ITEM 3.       DOCUMENTS INCORPORATED BY REFERENCE.

     The following documents have been filed by the Registrant with the
Commission and are hereby incorporated by reference in this Registration
Statement:

     (a)  Our Prospectus dated August 26, 2005 filed with the Commission
          pursuant to Rule 424(b) under the Securities Act;

     (b)  The Company's annual report on Form 10-K filed with Commission for the
          fiscal year ended December 31, 2004;

     (c)  The Company's quarterly report on Form 10-Q filed with the Commission
          for the quarters ended March 31, 2005 and June 30, 2005;

     (d)  The filed portions of the Company's current reports on Form 8-K filed
          on February 11, 2005, March 24, 2005, March 30, 2005, March 31, 2005,
          April 6, 2005, April 14, 2005, April 29, 2005, May 16, 2005, June 6,
          2005, June 27, 2005, July 18, 2005, July 22, 2005, July 26, 2005,
          August 1, 2005, August 15, 2005, September 9, 2005 and September 30,
          2005; and

     (e)  The description of our common stock, par value $0.01 per share, filed
          with our registration statement on Form 8-A (Registration No.
          001-32596), filed with the Commission on August 4, 2005.

     All documents subsequently filed by the Registrant with the Commission
pursuant to Sections 13(a), 13(c), 14 or 15(d) of the Securities Exchange Act of
1934, as amended (the "Exchange Act"), prior to the filing of a post-effective
amendment which indicates that all securities offered have been sold or which
deregisters all securities then remaining unsold, shall be deemed to be
incorporated by reference in this Registration Statement and to be a part hereof
from the date of filing such documents.
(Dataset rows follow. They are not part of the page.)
text \<open>The matrix of Hermitian products (<v_k, w_l>) is (rows v) times the conjugate transpose of
  (rows w), so its determinant is det v * conj (det w).\<close>

lemma det_herm_matrix:
  fixes v w :: "'n::finite \<Rightarrow> complex^'n"
  shows "det (\<chi> k l. herm (v k) (w l)) = det (\<chi> k. v k) * cnj (det (\<chi> k. w k))"
proof -
  have "(\<chi> k l. herm (v k) (w l)) = (\<chi> k. v k) ** transpose (\<chi> i j. cnj ((\<chi> k. w k)$i$j))"
    by (simp add: vec_eq_iff matrix_matrix_mult_def transpose_def herm_def)
  moreover have "det (transpose (\<chi> i j. cnj ((\<chi> k. w k)$i$j))) = cnj (det (\<chi> k. w k))"
    unfolding det_transpose by (rule det_cnj)
  ultimately show ?thesis by (simp only: det_mul)
qed

section \<open>Gram-Schmidt components and the volume of the simplex\<close>

definition earlier_span :: "('n::linorder \<Rightarrow> complex^'m::finite) \<Rightarrow> 'n \<Rightarrow> (complex^'m) set" where
  "earlier_span u k = vec.span (u ` {i. i < k})"

definition gram_schmidt_components ::
    "('n::linorder \<Rightarrow> complex^'m::finite) \<Rightarrow> ('n \<Rightarrow> complex^'m) \<Rightarrow> bool" where
  "gram_schmidt_components u g \<longleftrightarrow>
     (\<forall>k. u k - g k \<in> earlier_span u k \<and> (\<forall>w\<in>earlier_span u k. herm (g k) w = 0))"

lemma gram_schmidt_components_exist:
  obtains g where "gram_schmidt_components u g"
proof -
  have "\<forall>k. \<exists>g. u k - g \<in> earlier_span u k \<and> (\<forall>w\<in>earlier_span u k. herm g w = 0)"
    by (metis earlier_span_def orthogonal_component_exists)
  then show ?thesis using that unfolding gram_schmidt_components_def by metis
qed

lemma earlier_span_mono: "k \<le> l \<Longrightarrow> earlier_span u k \<subseteq> earlier_span u l"
  unfolding earlier_span_def by (intro vec.span_mono) auto

lemma earlier_vector_in_span: "l < k \<Longrightarrow> u l \<in> earlier_span u k"
  unfolding earlier_span_def by (intro vec.span_base) auto

lemma gram_schmidt_relations:
  assumes gs: "gram_schmidt_components u g"
  shows "\<And>k l. l < k \<Longrightarrow> herm (g k) (u l) = 0"
    and "\<And>k l. k \<noteq> l \<Longrightarrow> herm (g k) (g l) = 0"
    and "\<And>k. herm (g k) (u k) = of_real ((norm (g k))^2)"
proof -
  note comp = gs[unfolded gram_schmidt_components_def, rule_format]
  show earlier: "herm (g k) (u l) = 0" if "l < k" for k l
    using comp earlier_vector_in_span[OF that] by blast
  have g_in_later: "g k \<in> earlier_span u l" if "k < l" for k l
  proof -
    have "u k - g k \<in> earlier_span u l"
      using comp[of k] earlier_span_mono[OF less_imp_le[OF that], of u] by blast
    moreover have "u k \<in> earlier_span u l" using earlier_vector_in_span[OF that] .
    ultimately have "u k - (u k - g k) \<in> earlier_span u l"
      unfolding earlier_span_def by (metis vec.span_diff)
    thus ?thesis by simp
  qed
  have "herm (g k) (g l) = 0" if "l < k" for k l using comp g_in_later that by blast
  then show "herm (g k) (g l) = 0" if "k \<noteq> l" for k l
    using that herm_cnj[of "g l" "g k"] by (cases "l < k") auto
  show "herm (g k) (u k) = of_real ((norm (g k))^2)" for k
    using comp[of k] herm_add_right[of "g k" "g k" "u k - g k"] by (simp add: herm_self)
qed

lemma gram_schmidt_component_nonzero:
  assumes gs: "gram_schmidt_components u g" and "inj u" and "vec.independent (range u)"
  shows "g k \<noteq> 0"
proof
  assume "g k = 0"
  hence "u k \<in> earlier_span u k" using gs unfolding gram_schmidt_components_def by (metis diff_zero)
  moreover have "earlier_span u k \<subseteq> vec.span (range u - {u k})"
    unfolding earlier_span_def using \<open>inj u\<close> by (intro vec.span_mono) (auto dest: injD)
  ultimately show False using assms(3) unfolding vec.dependent_def by blast
qed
Any statement contained in a document
incorporated or deemed to be incorporated by reference herein shall be deemed to
be modified or superseded for purposes of this Registration Statement to the
extent that a statement contained herein or in any other subsequently filed
document which also is or is deemed to be incorporated by reference herein
modifies or supersedes such statement. Any such statement so modified or
superseded shall not be deemed, except as so modified or superseded, to
constitute a part of this Registration Statement.
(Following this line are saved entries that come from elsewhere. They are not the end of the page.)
lemma ratio_tendsto_0_if_growth_rates:
  fixes Q :: "nat \<Rightarrow> real" and r L :: "nat \<Rightarrow> nat" and x su sv :: real
  assumes Q_pos: "\<And>l. Q l > 0"
    and upper: "eventually (\<lambda>l. ln (Q l) < su * real l) sequentially"
    and lower: "eventually (\<lambda>l. sv * real l < ln (Q l)) sequentially"
    and r: "filterlim r at_top sequentially" and rL: "\<And>k. x * real (r k) \<le> real (L k)"
    and x: "x > 0" and sv: "sv > 0" and rates: "su < 2 * x * sv"
  shows "(\<lambda>k. Q (r k) / Q (L k) ^ 2) \<longlonglongrightarrow> 0"
proof (rule Lim_null_comparison)
  define g where "g = 2 * x * sv - su"
  have "filterlim (\<lambda>k. g * real (r k)) at_top sequentially"
    using filterlim_compose[OF filterlim_real_sequentially r] rates
    by (intro filterlim_tendsto_pos_mult_at_top[OF tendsto_const]) (auto simp: g_def)
  then have "filterlim (\<lambda>k. - g * real (r k)) at_bot sequentially"
    by (simp add: filterlim_uminus_at_top)
  then show "(\<lambda>k. exp (- g * real (r k))) \<longlonglongrightarrow> 0"
    by (rule filterlim_compose[OF exp_at_bot])
  obtain N where N: "\<And>l. l \<ge> N \<Longrightarrow> ln (Q l) < su * real l \<and> sv * real l < ln (Q l)"
    using eventually_conj[OF upper lower] by (auto simp: eventually_sequentially)
  have "eventually (\<lambda>k. N + nat \<lceil>real N / x\<rceil> \<le> r k) sequentially"
    using r by (simp add: filterlim_at_top)
  then show "eventually (\<lambda>k. norm (Q (r k) / Q (L k) ^ 2) \<le> exp (- g * real (r k))) sequentially"
  proof (rule eventually_mono)
    fix k
    assume k: "N + nat \<lceil>real N / x\<rceil> \<le> r k"
    then have "real N / x \<le> real (r k)"
      by linarith
    then have "N \<le> L k"
      using rL[of k] x by (simp add: field_simps)
    then have "Q (r k) / Q (L k) ^ 2 < exp (- g * real (r k))"
      unfolding g_def using N[of "r k"] N[of "L k"] k Q_pos rL sv
      by (intro ratio_less_exp_if_rates) auto
    then show "norm (Q (r k) / Q (L k) ^ 2) \<le> exp (- g * real (r k))"
      using Q_pos[of "r k"] Q_pos[of "L k"] by simp
  qed
qed

lemma root_ge_if_ge_power2:
  fixes y :: real
  assumes lower: "2 ^ (l div 2) \<le> y" and l: "l \<ge> 2"
  shows "2 powr (1 / 3) \<le> y powr (1 / real l)"
proof -
  have "l \<le> 3 * (l div 2)"
    using l by presburger
  then have "real l \<le> 3 * real (l div 2)"
    by linarith
  then have "(2::real) powr (1 / 3) \<le> 2 powr (real (l div 2) / real l)"
    using l by (intro powr_mono) (simp_all add: field_simps)
  also have "\<dots> = (2 ^ (l div 2)) powr (1 / real l)"
    by (simp add: powr_powr powr_realpow[symmetric])
  also have "\<dots> \<le> y powr (1 / real l)"
    using lower by (intro powr_mono2) auto
  finally show ?thesis .
qed

lemma root_le_if_le_power:
  fixes y K :: real
  assumes "0 \<le> y" and "y \<le> K ^ l" and "K > 0" and "l \<ge> 1"
  shows "y powr (1 / real l) \<le> K"
proof -
  have "y powr (1 / real l) \<le> (K ^ l) powr (1 / real l)"
    using assms by (intro powr_mono2) auto
  also have "\<dots> = K"
    using assms by (simp add: powr_realpow[symmetric] powr_powr)
  finally show ?thesis .
qed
ITEM 4. DESCRIPTION OF SECURITIES.

              Not applicable.

ITEM 5. INTERESTS OF NAMED EXPERTS AND COUNSEL.

         Not applicable.





ITEM 6. INDEMNIFICATION OF DIRECTORS AND OFFICERS.

     Section 145 of the Delaware General Corporation Law provides that a
corporation may indemnify any person who was or is a party or is threatened to
be made a party to any threatened, pending or completed action, suit or
proceeding, whether civil, criminal, administrative or investigative (other than
an action by or in the right of the corporation) by reason of the fact that he
is or was a director, officer, employee or agent of the corporation, or is or
was serving at the request of the corporation as a director, officer, employee
or agent of another corporation, partnership, joint venture, trust or other
enterprise, against expenses (including attorneys' fees), judgments, fines and
amounts paid in settlement actually and reasonably incurred by him in connection
with such action, suit or proceeding if the person acted in good faith and in a
manner the person reasonably believed to be in or not opposed to the best
interest of the corporation, and, with respect to any criminal action or
proceeding, had no reasonable cause to believe his conduct was unlawful; and
further that a corporation may indemnify such person against expenses (including
attorneys' fees) actually and reasonably incurred by such person in connection
with the defense or settlement of action or suit by or in the right of the
corporation, if the person acted in good faith and in a manner the person
reasonably believed to be in or not opposed to the best interests of the
corporation, except that no indemnification shall be made in respect of any
claim, issue or matter as to which such person shall have been adjudged to be
liable to the corporation unless and only to the extent that the Court of
Chancery or the court in which such action or suit was brought shall determine
upon application that, despite the adjudication of liability but in view of all
the circumstances of the case, such person is fairly and reasonably entitled to
indemnity for such expenses which the Court of Chancery or such other court
shall deem proper. To the extent that a present or former director or officer of
a corporation has been successful on the merits or otherwise in defense of any
such action described in this paragraph, suit or proceeding, or in defense of
any claim, issue or matter therein, such person shall be indemnified against
expenses (including attorneys' fees) actually and reasonably incurred by such
person in connection therewith.

     Section 102(b)(7) of the Delaware General Corporation Law allows a
corporation to include in its certificate of incorporation a provision to
eliminate or limit the personal liability of a director of a corporation to the
corporation or to any of its stockholders for monetary damages for a breach of
fiduciary duty as a director, except in the case where the director (i) breaches
his duty of loyalty to the corporation or its stockholders, (ii) fails to act in
good faith, engages in intentional misconduct or knowingly violates a law, (iii)
authorizes the unlawful payment of a dividend or approves a stock purchase or
redemption in violation of Section 174 of the Delaware General Corporation Law
or (iv) obtains an improper personal benefit. The registrant's Amended and
Restated Certificate of Incorporation includes a provision which eliminates
directors' personal liability to the fullest extent permitted under the Delaware
General Corporation Law.

     The Registrant's Amended and Restated Certificate of Incorporation provides
that except as otherwise provided by the DGCL, no director of the Registrant
shall be personally liable to the Registrant or its stockholders for monetary
damages for breach of fiduciary duty as a director.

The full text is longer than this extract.